Implement consensus annotations and add doc strings

constantinpape · constantinpape · commit aefeba1f78a5 · 2025-06-09T22:16:41.000+02:00
diff --git a/flamingo_tools/segmentation/marker_detection.py b/flamingo_tools/segmentation/marker_detection.py
@@ -23,6 +23,9 @@ def map_and_filter_detections(
         resolution: The resolution / voxel size of the data in micrometer.
         n_threads: The number of threads for parallelizing the mapping of detections to objects.
         verbose: Whether to print the progress of the mapping procedure.
+
+    Returns:
+        The filtered dataframe with the detections mapped to the segmentation.
     """
     # Get the point coordinates.
     points = detections[["z", "y", "x"]].values.astype("int")
diff --git a/flamingo_tools/validation.py b/flamingo_tools/validation.py
@@ -1,5 +1,6 @@
 import os
 import re
+from collections import defaultdict
 from typing import Dict, List, Optional, Tuple
 
 import imageio.v3 as imageio
@@ -9,6 +10,7 @@
 
 from scipy.ndimage import distance_transform_edt
 from scipy.optimize import linear_sum_assignment
+from scipy.spatial import cKDTree
 from skimage.measure import regionprops_table
 from skimage.segmentation import relabel_sequential
 from tqdm import tqdm
@@ -27,7 +29,7 @@ def _normalize_cochlea_name(name):
     return f"{prefix}_{number:06d}_{postfix}"
 
 
-def parse_annotation_path(annotation_path):
+def _parse_annotation_path(annotation_path):
     fname = os.path.basename(annotation_path)
     name_parts = fname.split("_")
     cochlea = _normalize_cochlea_name(name_parts[0])
@@ -42,7 +44,19 @@ def fetch_data_for_evaluation(
     z_extent: int = 0,
     components_for_postprocessing: Optional[List[int]] = None,
 ) -> Tuple[np.ndarray, pd.DataFrame]:
-    """
+    """Fetch segmentation from S3 matching the annotation path for evaluation.
+
+    Args:
+        annotation_path: The path to the manual annotations.
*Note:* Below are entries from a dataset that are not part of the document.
context
  fixes p :: real
  assumes p: "1 < p"
begin

lemma radicand_bounds:
  assumes K: "0 \<le> K" and c: "0 < cos \<theta>" and s: "0 \<le> s" "s \<le> 1"
  shows radicand_ge_sec: "1 / (cos \<theta>)\<^sup>2 - 1 \<le> radicand p K \<theta> s"
    and radicand_ge_one_minus: "1 - s \<le> radicand p K \<theta> s"
    and radicand_ge_linear: "K * cos \<theta> powr (p - 1) * (1 - s) \<le> radicand p K \<theta> s"
    and radicand_le: "radicand p K \<theta> s \<le> 1 / (cos \<theta>)\<^sup>2 + K * cos \<theta> powr (p - 1)"
proof -
  define T where "T = K * cos \<theta> powr (p - 1)"
  have T: "0 \<le> T"
    using K by (simp add: T_def)
  have "s powr (p + 1) \<le> s"
    using s p powr_mono'[of 1 "p + 1" s] by simp
  then have bounds: "T * (1 - s) \<le> T * (1 - s powr (p + 1))" "T * (1 - s powr (p + 1)) \<le> T"
    "0 \<le> T * (1 - s)" "0 \<le> s\<^sup>2" "s\<^sup>2 \<le> s" "1 \<le> 1 / (cos \<theta>)\<^sup>2"
    using T s c abs_square_le_1[of "cos \<theta>"]
    by (auto intro: mult_left_mono mult_left_le simp: power2_eq_square mult_left_le_one_le)
  show "1 / (cos \<theta>)\<^sup>2 - 1 \<le> radicand p K \<theta> s"
    unfolding radicand_def T_def[symmetric] using bounds s by linarith
  show "1 - s \<le> radicand p K \<theta> s"
    unfolding radicand_def T_def[symmetric] using bounds s by linarith
  show "K * cos \<theta> powr (p - 1) * (1 - s) \<le> radicand p K \<theta> s"
    unfolding radicand_def T_def[symmetric] using bounds s by linarith
  show "radicand p K \<theta> s \<le> 1 / (cos \<theta>)\<^sup>2 + K * cos \<theta> powr (p - 1)"
    unfolding radicand_def T_def[symmetric] using bounds s by linarith
qed

lemma radicand_bounds_uniform:
  assumes K: "0 \<le> K" and cos: "0 < u" "u \<le> cos \<theta>" "cos \<theta> \<le> v" and s: "0 \<le> s" "s \<le> 1"
  shows "1 / v\<^sup>2 - 1 \<le> radicand p K \<theta> s" "radicand p K \<theta> s \<le> 1 / u\<^sup>2 + K"
proof -
  have c: "0 < cos \<theta>"
    using cos by simp
  have "1 / v\<^sup>2 \<le> 1 / (cos \<theta>)\<^sup>2"
    using cos by (intro divide_left_mono power_mono) auto
  then show "1 / v\<^sup>2 - 1 \<le> radicand p K \<theta> s"
    using radicand_ge_sec[OF K c s] by linarith
  have "1 / (cos \<theta>)\<^sup>2 \<le> 1 / u\<^sup>2"
    using cos by (intro divide_left_mono power_mono) auto
  moreover have "K * cos \<theta> powr (p - 1) \<le> K * 1"
    using c K p by (intro mult_left_mono) (auto simp: powr_le1)
  ultimately show "radicand p K \<theta> s \<le> 1 / u\<^sup>2 + K"
    using radicand_le[OF K c s] by linarith
qed

lemma norm_inv_sqrt_radicand_le:
  assumes "0 \<le> K" "0 < cos \<theta>" "s \<in> {0<..<1}"
  shows "norm (1 / sqrt (radicand p K \<theta> s)) \<le> 1 / sqrt (1 - s)"
  using assms radicand_ge_one_minus[OF assms(1,2), of s] inv_sqrt_antimono[of "1 - s"] by auto

(* The open interval avoids s = 1, where the radicand vanishes for theta = 0. *)
lemma integrable_inv_sqrt_radicand:
  assumes K: "0 \<le> K" and c: "0 < cos \<theta>"
  shows "(\<lambda>s. 1 / sqrt (radicand p K \<theta> s)) integrable_on {0<..<1}"
proof (rule measurable_bounded_by_integrable_imp_integrable)
  have pos: "0 < radicand p K \<theta> s" if "s \<in> {0<..<1}" for s
    using radicand_ge_one_minus[OF K c, of s] that by auto
  have "continuous_on {0<..<1} (radicand p K \<theta>)"
    unfolding radicand_def by (intro continuous_intros) auto
  then have "continuous_on {0<..<1} (\<lambda>s. 1 / sqrt (radicand p K \<theta> s))"
    using pos by (intro continuous_on_divide continuous_on_const continuous_on_real_sqrt) force+
  then show "(\<lambda>s. 1 / sqrt (radicand p K \<theta> s)) \<in> borel_measurable (lebesgue_on {0<..<1})"
    by (rule continuous_imp_measurable_on_sets_lebesgue) simp
  show "norm (1 / sqrt (radicand p K \<theta> s)) \<le> 1 / sqrt (1 - s)" if "s \<in> {0<..<1}" for s
    using norm_inv_sqrt_radicand_le[OF K c that] .
qed (use has_integral_inv_sqrt_one_minus in auto)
+        cache_path: An optional path for caching the downloaded segmentation.
+        seg_name: The name of the segmentation in the bucket.
+        z_extent: Additional z-slices to load from the segmentation.
+        components_for_postprocessing: The component ids for restricting the segmentation to.
+            Choose [1] for the default componentn containing the helix.
+
+    Returns:
+        The segmentation downloaded from the S3 bucket.
+        The annotations loaded from pandas and matching the segmentation.
     """
     # Load the annotations and normalize them for the given z-extent.
     annotations = pd.read_csv(annotation_path)
@@ -60,7 +74,7 @@ def fetch_data_for_evaluation(
         return segmentation, annotations
 
     # Parse which ID and which cochlea from the name.
-    cochlea, slice_id = parse_annotation_path(annotation_path)
+    cochlea, slice_id = _parse_annotation_path(annotation_path)
 
     # Open the S3 connection, get the path to the SGN segmentation in S3.
     internal_path = os.path.join(cochlea, "images",  "ome-zarr", f"{seg_name}.ome.zarr")
@@ -239,9 +253,98 @@ def compute_scores_for_annotated_slice(
     return {"tp": tp, "fp": fp, "fn": fn}
 
 
-# TODO
-def create_consensus_annotations():
-    pass
+def create_consensus_annotations(
+    annotation_paths: Dict[str, str],
+    matching_distance: float = 5.0,
+    min_matches_for_consensus: int = 2,
+) -> Tuple[pd.DataFrame, pd.DataFrame]:
+    """Create a consensus annotation from multiple manual annotations.
+
+    Args:
+        annotation_paths: A dictionary that maps annotator names to the path to the manual annotations.
+        matching_distance: The maximum distance for matching annotations to a consensus annotation.
+        min_matches_for_consensus: The minimum number of matching annotations to consider an annotation as consensus.
+
+    Returns:
+        A dataframe with the consensus annotations.
+        A dataframe with the unmatched annotations.
+    """
+    dfs, coords, ann_id = [], [], []
+    for name, path in annotation_paths.items():
+        df = pd.read_csv(path, usecols=["axis-0", "axis-1", "axis-2"])
+        df["annotator"] = name
+        dfs.append(df)
+    big = pd.concat(dfs, ignore_index=True)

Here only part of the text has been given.